(* The following problem (the compromise min-max regret minimum selection problem) can be solved in polynomial time: given $n\ge1$, $p\in\{0,\dots,n\}$ and $\hat c\in\mathbb{Q}^n_{\ge0}$, with $\mathcal{X}=\{x\in\{0,1\}^n:\sum_i x_i=p\}$ and $\mathcal{U}(\lambda)=\prod_{i=1}^n[(1-\lambda)\hat c_i,(1+\lambda)\hat c_i]$, find $x\in\mathcal{X}$ minimizing \[ val(x)=\int_0^1\max_{c\in\mathcal{U}(\lambda)}\Big(c^tx-\min_{y\in\mathcal{X}}c^ty\Big)\,d\lambda . \]
   Context: The paper uses the uncertainty-size range $\Lambda=[0,1]$ and weight function $w\equiv1$ for the min-max regret compromise problem. *)

theory Defs
  imports "HOL-Analysis.Analysis" "HOL-Library.Log_Nat"
begin

text \<open>Vectors in R^n are modelled as functions nat => real, only indices i < n matter
  (we require entries with index >= n to be 0 for elements of the sets below).\<close>

definition dotp :: "nat \<Rightarrow> (nat \<Rightarrow> real) \<Rightarrow> (nat \<Rightarrow> real) \<Rightarrow> real" where
  "dotp n c x = (\<Sum>i<n. c i * x i)"

definition feas :: "nat \<Rightarrow> nat \<Rightarrow> (nat \<Rightarrow> real) set" where
  "feas n p = {x. (\<forall>i<n. x i = 0 \<or> x i = 1) \<and> (\<forall>i\<ge>n. x i = 0) \<and> (\<Sum>i<n. x i) = real p}"

definition unc :: "nat \<Rightarrow> (nat \<Rightarrow> real) \<Rightarrow> real \<Rightarrow> (nat \<Rightarrow> real) set" where
  "unc n ch lam = {c. (\<forall>i<n. (1 - lam) * ch i \<le> c i \<and> c i \<le> (1 + lam) * ch i) \<and> (\<forall>i\<ge>n. c i = 0)}"

text \<open>Max regret of x under U(lambda): max over c in U(lambda) of (c^t x - min over y in X of c^t y).
  The maximum is attained (compact set, continuous function), so it equals the supremum.\<close>
definition max_regret :: "nat \<Rightarrow> nat \<Rightarrow> (nat \<Rightarrow> real) \<Rightarrow> real \<Rightarrow> (nat \<Rightarrow> real) \<Rightarrow> real" where
  "max_regret n p ch lam x =
     (SUP c\<in>unc n ch lam. dotp n c x - Min ((\<lambda>y. dotp n c y) ` feas n p))"

definition compromise_val :: "nat \<Rightarrow> nat \<Rightarrow> (nat \<Rightarrow> real) \<Rightarrow> (nat \<Rightarrow> real) \<Rightarrow> real" where
  "compromise_val n p ch x = integral {0..1} (\<lambda>lam. max_regret n p ch lam x)"

section \<open>A machine model: log-cost RAM (integer registers, indirect addressing)\<close>

definition bitlen :: "int \<Rightarrow> nat" where
  "bitlen v = floorlog 2 (nat \<bar>v\<bar>) + 1"

type_synonym mem = "nat \<Rightarrow> int"

datatype aexp = N int | Ld aexp | Plus aexp aexp | Minus aexp aexp | Times aexp aexp
  | Div aexp aexp | Mod aexp aexp

text \<open>Evaluation returns the value together with its log-cost (sum of bit lengths of
  all operands, addresses and loaded contents).\<close>
fun aval :: "aexp \<Rightarrow> mem \<Rightarrow> int \<times> nat" where
  "aval (N k) s = (k, bitlen k)"
| "aval (Ld a) s = (case aval a s of (v, c) \<Rightarrow> (s (nat v), c + bitlen v + bitlen (s (nat v))))"
| "aval (Plus a b) s = (case aval a s of (v, c) \<Rightarrow> case aval b s of (w, d) \<Rightarrow>
      (v + w, c + d + bitlen v + bitlen w))"
| "aval (Minus a b) s = (case aval a s of (v, c) \<Rightarrow> case aval b s of (w, d) \<Rightarrow>
      (v - w, c + d + bitlen v + bitlen w))"
| "aval (Times a b) s = (case aval a s of (v, c) \<Rightarrow> case aval b s of (w, d) \<Rightarrow>
      (v * w, c + d + bitlen v + bitlen w))"
| "aval (Div a b) s = (case aval a s of (v, c) \<Rightarrow> case aval b s of (w, d) \<Rightarrow>
      (v div w, c + d + bitlen v + bitlen w))"
| "aval (Mod a b) s = (case aval a s of (v, c) \<Rightarrow> case aval b s of (w, d) \<Rightarrow>
      (v mod w, c + d + bitlen v + bitlen w))"

datatype bexp = Less aexp aexp | Eq aexp aexp | Neg bexp | Conj bexp bexp

fun bval :: "bexp \<Rightarrow> mem \<Rightarrow> bool \<times> nat" where
  "bval (Less a b) s = (case aval a s of (v, c) \<Rightarrow> case aval b s of (w, d) \<Rightarrow>
      (v < w, c + d + bitlen v + bitlen w))"
| "bval (Eq a b) s = (case aval a s of (v, c) \<Rightarrow> case aval b s of (w, d) \<Rightarrow>
      (v = w, c + d + bitlen v + bitlen w))"
| "bval (Neg b) s = (case bval b s of (v, c) \<Rightarrow> (\<not> v, c + 1))"
| "bval (Conj a b) s = (case bval a s of (v, c) \<Rightarrow> case bval b s of (w, d) \<Rightarrow>
      (v \<and> w, c + d + 1))"

datatype com = SKIP | Store aexp aexp | Seq com com | If bexp com com | While bexp com

text \<open>Big-step semantics with cost: big_step prog s t s' means prog started in memory s
  terminates in memory s' using t time units.\<close>
inductive big_step :: "com \<Rightarrow> mem \<Rightarrow> nat \<Rightarrow> mem \<Rightarrow> bool" where
  Skip: "big_step SKIP s 1 s"
| Store: "aval a s = (i, c1) \<Longrightarrow> aval b s = (v, c2) \<Longrightarrow>
          big_step (Store a b) s (c1 + c2 + 1) (s(nat i := v))"
| Seq: "big_step c1 s t1 s2 \<Longrightarrow> big_step c2 s2 t2 s3 \<Longrightarrow> big_step (Seq c1 c2) s (t1 + t2 + 1) s3"
| IfT: "bval b s = (True, c) \<Longrightarrow> big_step c1 s t s' \<Longrightarrow> big_step (If b c1 c2) s (c + t + 1) s'"
| IfF: "bval b s = (False, c) \<Longrightarrow> big_step c2 s t s' \<Longrightarrow> big_step (If b c1 c2) s (c + t + 1) s'"
| WhileF: "bval b s = (False, c) \<Longrightarrow> big_step (While b body) s (c + 1) s"
| WhileT: "bval b s = (True, c) \<Longrightarrow> big_step body s t1 s2 \<Longrightarrow> big_step (While b body) s2 t2 s3 \<Longrightarrow>
           big_step (While b body) s (c + t1 + t2 + 1) s3"

text \<open>Register 0 holds n, register 1 holds p, registers 2+2i and 3+2i hold numerator and
  (positive) denominator of the reduced fraction ch_i, for i < n; all other registers are 0.\<close>
definition enc :: "nat \<Rightarrow> nat \<Rightarrow> (nat \<Rightarrow> rat) \<Rightarrow> mem" where
  "enc n p ch = (\<lambda>a. if a = 0 then int n else if a = 1 then int p
      else if a < 2 + 2 * n then
        (if even (a - 2) then fst (quotient_of (ch ((a - 2) div 2)))
         else snd (quotient_of (ch ((a - 2) div 2))))
      else 0)"

definition input_size :: "nat \<Rightarrow> nat \<Rightarrow> (nat \<Rightarrow> rat) \<Rightarrow> nat" where
  "input_size n p ch = (\<Sum>a<2 + 2 * n. bitlen (enc n p ch a))"

definition decode_out :: "nat \<Rightarrow> mem \<Rightarrow> (nat \<Rightarrow> real)" where
  "decode_out n s = (\<lambda>i. if i < n then real_of_int (s i) else 0)"

end

theory Submission
  imports Defs
begin

text \<open>For x in X and scenario c, the regret c^t x - c^t y against a competitor y is
  maximised over U(lambda) by raising the costs of the items of x to (1+lambda) c_i and lowering
  all others to (1-lambda) c_i. The max regret of x is therefore a finite maximum of affine
  functions of lambda, and an exchange argument shows that replacing a selected item by a
  cheaper unselected one decreases it for every lambda in [0,1]. Hence the p cheapest items
  minimise the max regret pointwise, and so also its integral val. Selecting them is easy:
  item i is taken iff fewer than p items precede it in the order by cost (ties broken by
  index), which a RAM computes with O(n^2) comparisons of O(input size)-bit numbers.\<close>

section \<open>Regret of a selection\<close>

text \<open>For 0/1 vectors x and y this is c^t x - c^t y at c = worst_scenario n h lam x.\<close>

definition scenario_regret ::
    "nat \<Rightarrow> (nat \<Rightarrow> real) \<Rightarrow> real \<Rightarrow> (nat \<Rightarrow> real) \<Rightarrow> (nat \<Rightarrow> real) \<Rightarrow> real" where
  "scenario_regret n h lam x y =
     (\<Sum>i<n. x i * (1 - y i) * (1 + lam) * h i - y i * (1 - x i) * (1 - lam) * h i)"

definition worst_scenario :: "nat \<Rightarrow> (nat \<Rightarrow> real) \<Rightarrow> real \<Rightarrow> (nat \<Rightarrow> real) \<Rightarrow> nat \<Rightarrow> real" where
  "worst_scenario n h lam x =
     (\<lambda>i. if i < n then if x i = 1 then (1 + lam) * h i else (1 - lam) * h i else 0)"

definition worst_regret :: "nat \<Rightarrow> nat \<Rightarrow> (nat \<Rightarrow> real) \<Rightarrow> real \<Rightarrow> (nat \<Rightarrow> real) \<Rightarrow> real" where
  "worst_regret n p h lam x = Max ((\<lambda>y. scenario_regret n h lam x y) ` feas n p)"

definition selects_cheapest :: "nat \<Rightarrow> (nat \<Rightarrow> real) \<Rightarrow> (nat \<Rightarrow> real) \<Rightarrow> bool" where
  "selects_cheapest n h x \<longleftrightarrow> (\<forall>i<n. \<forall>j<n. x i = 1 \<longrightarrow> x j = 0 \<longrightarrow> h i \<le> h j)"

lemma feas_01: "x \<in> feas n p \<Longrightarrow> i < n \<Longrightarrow> x i = 0 \<or> x i = 1"
  by (simp add: feas_def)

lemma finite_feas: "finite (feas n p)"
proof -
  have "feas n p \<subseteq> (\<lambda>S i. if i \<in> S then 1 else 0) ` Pow {..<n}"
  proof
    fix x assume x: "x \<in> feas n p"
    then have "x = (\<lambda>i. if i \<in> {k. k < n \<and> x k = 1} then 1 else 0)"
      unfolding feas_def by (auto intro!: ext) (metis not_le)
    then show "x \<in> (\<lambda>S i. if i \<in> S then 1 else 0) ` Pow {..<n}" by blast
  qed
  then show ?thesis by (rule finite_subset) auto
qed

lemma sum_update_two:
  fixes g g' :: "'a \<Rightarrow> real"
  assumes "finite A" "i \<in> A" "j \<in> A" "i \<noteq> j" "\<And>k. k \<noteq> i \<Longrightarrow> k \<noteq> j \<Longrightarrow> g' k = g k"
  shows "sum g' A = sum g A + (g' i - g i) + (g' j - g j)"
proof -
  have split: "sum f A = f i + f j + sum f (A - {i} - {j})" for f :: "'a \<Rightarrow> real"
    using assms(1-4) by (simp add: sum.remove[of A i] sum.remove[of "A - {i}" j])
  have "sum g' (A - {i} - {j}) = sum g (A - {i} - {j})"
    using assms(5) by (intro sum.cong) auto
  then show ?thesis using split[of g] split[of g'] by simp
qed

lemma feas_swap:
  assumes "x \<in> feas n p" "i < n" "j < n"
  shows "x(i := x j, j := x i) \<in> feas n p"
proof (cases "i = j")
  case False
  let ?x' = "x(i := x j, j := x i)"
  have "(\<Sum>k<n. ?x' k) = (\<Sum>k<n. x k) + (?x' i - x i) + (?x' j - x j)"
    by (rule sum_update_two) (use assms False in auto)
  then have "(\<Sum>k<n. ?x' k) = (\<Sum>k<n. x k)" using False by simp
  then show ?thesis using assms unfolding feas_def by auto
qed (use assms in simp)

lemma dotp_diff_le_scenario_regret:
  assumes "c \<in> unc n h lam" "x \<in> feas n p" "y \<in> feas n p"
  shows "dotp n c x - dotp n c y \<le> scenario_regret n h lam x y"
  unfolding dotp_def scenario_regret_def sum_subtractf[symmetric]
proof (rule sum_mono)
  fix i assume "i \<in> {..<n}"
  then show "c i * x i - c i * y i
      \<le> x i * (1 - y i) * (1 + lam) * h i - y i * (1 - x i) * (1 - lam) * h i"
    using assms feas_01[of x n p i] feas_01[of y n p i] unfolding unc_def by auto
qed

lemma worst_scenario_in_unc:
  "0 \<le> lam \<Longrightarrow> \<forall>i<n. 0 \<le> h i \<Longrightarrow> worst_scenario n h lam x \<in> unc n h lam"
  unfolding unc_def worst_scenario_def by (auto simp: mult_right_mono)

lemma dotp_diff_worst_scenario:
  assumes "x \<in> feas n p" "y \<in> feas n p"
  shows "dotp n (worst_scenario n h lam x) x - dotp n (worst_scenario n h lam x) y
    = scenario_regret n h lam x y"
  unfolding dotp_def scenario_regret_def sum_subtractf[symmetric]
  by (rule sum.cong) (use assms feas_01 in \<open>auto simp: worst_scenario_def algebra_simps\<close>)

lemma max_regret_eq_worst_regret:
  assumes "0 \<le> lam" "\<forall>i<n. 0 \<le> h i" "x \<in> feas n p"
  shows "max_regret n p h lam x = worst_regret n p h lam x"
proof -
  let ?regret = "\<lambda>c. dotp n c x - Min ((\<lambda>y. dotp n c y) ` feas n p)"
  have fin: "finite (feas n p)" and ne: "feas n p \<noteq> {}"
    using finite_feas assms(3) by auto
  have min_attained: "\<exists>y\<in>feas n p. Min ((\<lambda>y. dotp n c y) ` feas n p) = dotp n c y" for c
  proof -
    have "Min ((\<lambda>y. dotp n c y) ` feas n p) \<in> (\<lambda>y. dotp n c y) ` feas n p"
      using fin ne by (intro Min_in) auto
    then show ?thesis by auto
  qed
  have le: "?regret c \<le> worst_regret n p h lam x" if "c \<in> unc n h lam" for c
  proof -
    obtain y where y: "y \<in> feas n p" "Min ((\<lambda>y. dotp n c y) ` feas n p) = dotp n c y"
      using min_attained by blast
    have "scenario_regret n h lam x y \<le> worst_regret n p h lam x"
      unfolding worst_regret_def using fin y(1) by (intro Max_ge) auto
    then show ?thesis using dotp_diff_le_scenario_regret[OF that assms(3) y(1)] y(2) by linarith
  qed
  let ?c = "worst_scenario n h lam x"
  have ge: "worst_regret n p h lam x \<le> ?regret ?c"
  proof -
    obtain y0 where y0: "y0 \<in> feas n p" "Min ((\<lambda>y. dotp n ?c y) ` feas n p) = dotp n ?c y0"
      using min_attained by blast
    have "scenario_regret n h lam x y \<le> ?regret ?c" if "y \<in> feas n p" for y
      using dotp_diff_worst_scenario[OF assms(3) that] y0 that fin
      by (metis Min_le diff_left_mono finite_imageI image_eqI)
    then show ?thesis unfolding worst_regret_def using fin ne by (simp add: Max_le_iff)
  qed
  have "max_regret n p h lam x = ?regret ?c"
    unfolding max_regret_def
    using worst_scenario_in_unc[OF assms(1,2)] le ge by (intro cSup_eq_maximum) force+
  moreover have "?regret ?c \<le> worst_regret n p h lam x"
    using le worst_scenario_in_unc[OF assms(1,2)] by blast
  ultimately show ?thesis using ge by linarith
qed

Problem to work on: Your answer should consist of the lines from the line with "h x \<longleftrightarrow>" to the line with "by (simp add: feas_def)" above, repeated exactly, both ends included.

Output of the exercise:
  "selects_cheapest n h x \<longleftrightarrow> (\<forall>i<n. \<forall>j<n. x i = 1 \<longrightarrow> x j = 0 \<longrightarrow> h i \<le> h j)"

lemma feas_01: "x \<in> feas n p \<Longrightarrow> i < n \<Longrightarrow> x i = 0 \<or> x i = 1"
  by (simp add: feas_def)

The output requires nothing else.